No mention of the Platonic solid model? DanielLC (talk) 05:56, 18 January 2019 (UTC)

   Not yet. My favorite of those 5 is the double cube, AKA the Octahedron. Haph (talk) 06:35, 18 January 2019 (UTC)
My good sir DanielLC: I presume that Randall neglected to mention it because the first evidence-based atom theory didn't come until 1810 and John Dalton. The atom theories of the ancient Greeks were mostly philosophical posturing, in my opinion.
We seem to be missing the Acorn Atom as well. Kazzie (talk) 10:16, 18 January 2019 (UTC)
And the Ariel Atom These Are Not The Comments You Are Looking For (talk) 08:43, 20 January 2019 (UTC)

According to cosmology lecture notes by the astronomer Neil Trentham, mass in the universe ist 75% H (mostly 1p+0n=1) and 25% He (mostly 2p+2n=4). As He is 4 times as heavy and 3 times as seldom, there is 12 times more H than He => The ratio n/p is 1/7. We can assume that in the 538 model the statistics was done on atoms comprising few Hydrogene, e.g. only the earth's mantle. In heavier elements the ratio n/p > 1. Sebastian --172.68.110.70 07:39, 18 January 2019 (UTC)

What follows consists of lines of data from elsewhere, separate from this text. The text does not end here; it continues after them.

(* Let $u\in L_{\mathrm{up}}$ and $(\ell_1,\ell_2)\in A_u$. Then (a) $\mathrm{apex}(\ell_1)$ is a strict ancestor of $\mathrm{apex}(\ell_2)$ in $G$, and (b) $P_{u,\ell_1}$ is the edge set of a subpath of the $\mathrm{apex}(\ell_1)$-$\mathrm{apex}(\ell_2)$ path in $G$.
   Context: Let $(G=(V,E),L,w)$ be a WTAP instance (spanning tree $G$, links $L\subseteq\binom V2$, weights $w>0$) with a fixed root $r\in V$, and let $F\subseteq L$ be a WTAP solution, i.e. $\bigcup_{\ell\in F}P_\ell=E$, where $P_\ell$ is the edge set of the tree path between the endpoints of $\ell$ and $V_\ell$ its vertex set. Ancestors of $v$ are the vertices on the $r$-$v$ path in $G$ (including $r$ and $v$); strict ancestors exclude $v$; descendants are defined reciprocally. $\mathrm{apex}(\ell)$ is the vertex of $V_\ell$ closest to $r$. An up-link is a link $\{t,b\}$ with $t$ an ancestor of $b$; $L_{\mathrm{up}}$ is the set of up-links. For $v\in V$ let $B_v=\{\ell\in F\colon\mathrm{apex}(\ell)\text{ is a descendant of }v\}$. For an up-link $u=\{t,b\}$ with $t$ an ancestor of $b$, let $v_u$ be the ancestor of $t$ farthest from $r$ such that $P_u\subseteq\bigcup_{\ell\in B_{v_u}}P_\ell$, and fix $F_u\subseteq B_{v_u}$ inclusion-wise minimal with $P_u\subseteq\bigcup_{\ell\in F_u}P_\ell$. For $\ell\in F_u$ let $P_{u,\ell}=P_u\setminus\bigcup_{\bar\ell\in F_u\setminus\{\ell\}}P_{\bar\ell}$; these sets are nonempty, pairwise disjoint, and each is the edge set of a path. Define $\ell_1\prec_u\ell_2$ iff the edges of $P_{u,\ell_1}$ appear before those of $P_{u,\ell_2}$ on the $t$-$b$ path in $G$. If $\ell_1\prec_u\cdots\prec_u\ell_q$ are the links of $F_u$, let $A_u=\{(\ell_i,\ell_{i+1})\colon i=1,\dots,q-1\}$. *)

theory Defs
  imports Complex_Main
begin

text \<open>Graphs: vertices of type 'a, undirected edges and links are 2-element sets.
  A path is a nonempty list of distinct vertices, consecutive ones joined by edges.\<close>

definition is_path :: "'a set set \<Rightarrow> 'a list \<Rightarrow> 'a \<Rightarrow> 'a \<Rightarrow> bool" where
  "is_path E p x y \<longleftrightarrow> p \<noteq> [] \<and> hd p = x \<and> last p = y \<and> distinct p \<and>
     (\<forall>i. Suc i < length p \<longrightarrow> {p ! i, p ! Suc i} \<in> E)"

definition path_edges :: "'a list \<Rightarrow> 'a set set" where
  "path_edges p = {{p ! i, p ! Suc i} | i. Suc i < length p}"

definition is_tree :: "'a set \<Rightarrow> 'a set set \<Rightarrow> bool" where
  "is_tree V E \<longleftrightarrow> finite V \<and> V \<noteq> {} \<and>
     E \<subseteq> {{x, y} | x y. x \<in> V \<and> y \<in> V \<and> x \<noteq> y} \<and>
     (\<forall>x\<in>V. \<forall>y\<in>V. \<exists>!p. is_path E p x y)"

definition tpath :: "'a set set \<Rightarrow> 'a \<Rightarrow> 'a \<Rightarrow> 'a list" where
  "tpath E x y = (THE p. is_path E p x y)"

definition is_link :: "'a set \<Rightarrow> 'a set \<Rightarrow> bool" where
  "is_link V l \<longleftrightarrow> (\<exists>x y. x \<in> V \<and> y \<in> V \<and> x \<noteq> y \<and> l = {x, y})"

definition Pl :: "'a set set \<Rightarrow> 'a set \<Rightarrow> 'a set set" where
  "Pl E l = \<Union>{path_edges (tpath E x y) | x y. l = {x, y}}"

definition Vl :: "'a set set \<Rightarrow> 'a set \<Rightarrow> 'a set" where
  "Vl E l = \<Union>{set (tpath E x y) | x y. l = {x, y}}"

definition ancestor :: "'a set set \<Rightarrow> 'a \<Rightarrow> 'a \<Rightarrow> 'a \<Rightarrow> bool" where
  "ancestor E r a v \<longleftrightarrow> a \<in> set (tpath E r v)"

definition strict_ancestor :: "'a set set \<Rightarrow> 'a \<Rightarrow> 'a \<Rightarrow> 'a \<Rightarrow> bool" where
  "strict_ancestor E r a v \<longleftrightarrow> ancestor E r a v \<and> a \<noteq> v"

definition depth :: "'a set set \<Rightarrow> 'a \<Rightarrow> 'a \<Rightarrow> nat" where
  "depth E r v = length (tpath E r v) - 1"

definition apex :: "'a set set \<Rightarrow> 'a \<Rightarrow> 'a set \<Rightarrow> 'a" where
  "apex E r l = (THE a. a \<in> Vl E l \<and> (\<forall>b\<in>Vl E l. depth E r a \<le> depth E r b))"

definition Bset :: "'a set set \<Rightarrow> 'a \<Rightarrow> 'a set set \<Rightarrow> 'a \<Rightarrow> 'a set set" where
  "Bset E r F v = {l \<in> F. ancestor E r v (apex E r l)}"

text \<open>v_u for the up-link u = {t,b} (t ancestor of b): the ancestor of t farthest
  from r such that P_u is covered by the links in B_{v_u}.\<close>
definition covers_at :: "'a set set \<Rightarrow> 'a \<Rightarrow> 'a set set \<Rightarrow> 'a set \<Rightarrow> 'a \<Rightarrow> bool" where
  "covers_at E r F u v \<longleftrightarrow> Pl E u \<subseteq> \<Union>(Pl E ` Bset E r F v)"

definition vu :: "'a set set \<Rightarrow> 'a \<Rightarrow> 'a set set \<Rightarrow> 'a set \<Rightarrow> 'a \<Rightarrow> 'a" where
  "vu E r F u t = (THE v. ancestor E r v t \<and> covers_at E r F u v \<and>
      (\<forall>w. ancestor E r w t \<and> covers_at E r F u w \<longrightarrow> depth E r w \<le> depth E r v))"

definition Pul :: "'a set set \<Rightarrow> 'a set set \<Rightarrow> 'a set \<Rightarrow> 'a set \<Rightarrow> 'a set set" where
  "Pul E Fu u l = Pl E u - \<Union>(Pl E ` (Fu - {l}))"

What are the numbers? Is 173 an error for 137, the fine structure constant? Sabik (talk) 10:36, 18 January 2019 (UTC)

It reminds me of the mass of the top quark (even though the current best value is 172.44 GeV, 173, as measured at the time at Tevatron, was used as a good approximation for a long time. The latest Particle Data Group review also gives something rounding to 173) 141.101.107.174 13:55, 18 January 2019 (UTC)
Do they really need a table for explanation? wouldn't a simple list be much easier to read? in my POV (which AFAIK is shared by many here) a table with just 2 columns is not useful at all --Lupo (talk) 14:17, 18 January 2019 (UTC)
I strongly disagree: When any column except the last contains phrases of differing lengths, using a table (instead of a list presented in proportional width unformatted text) greatly increases legibility. Lists are fine for conveying a series of single items, but tables are superior for matrices with two dimensions or more.
ProphetZarquon (talk) 20:23, 18 January 2019 (UTC)
I also think that the table looks slightly out of place. At the very least it needs some additional text to link it to the explanation above, as it is not immediately obvious where the numbers come from without referring back to the comic. AlChemist (talk) 11:20, 19 January 2019 (UTC)
173 could also be referencing the fact that Z=173 is theoretically the point where the 1s orbital goes all weird. The Wikipedia article gives a good explanation. 172.68.2.76 05:46, 19 January 2019 (UTC)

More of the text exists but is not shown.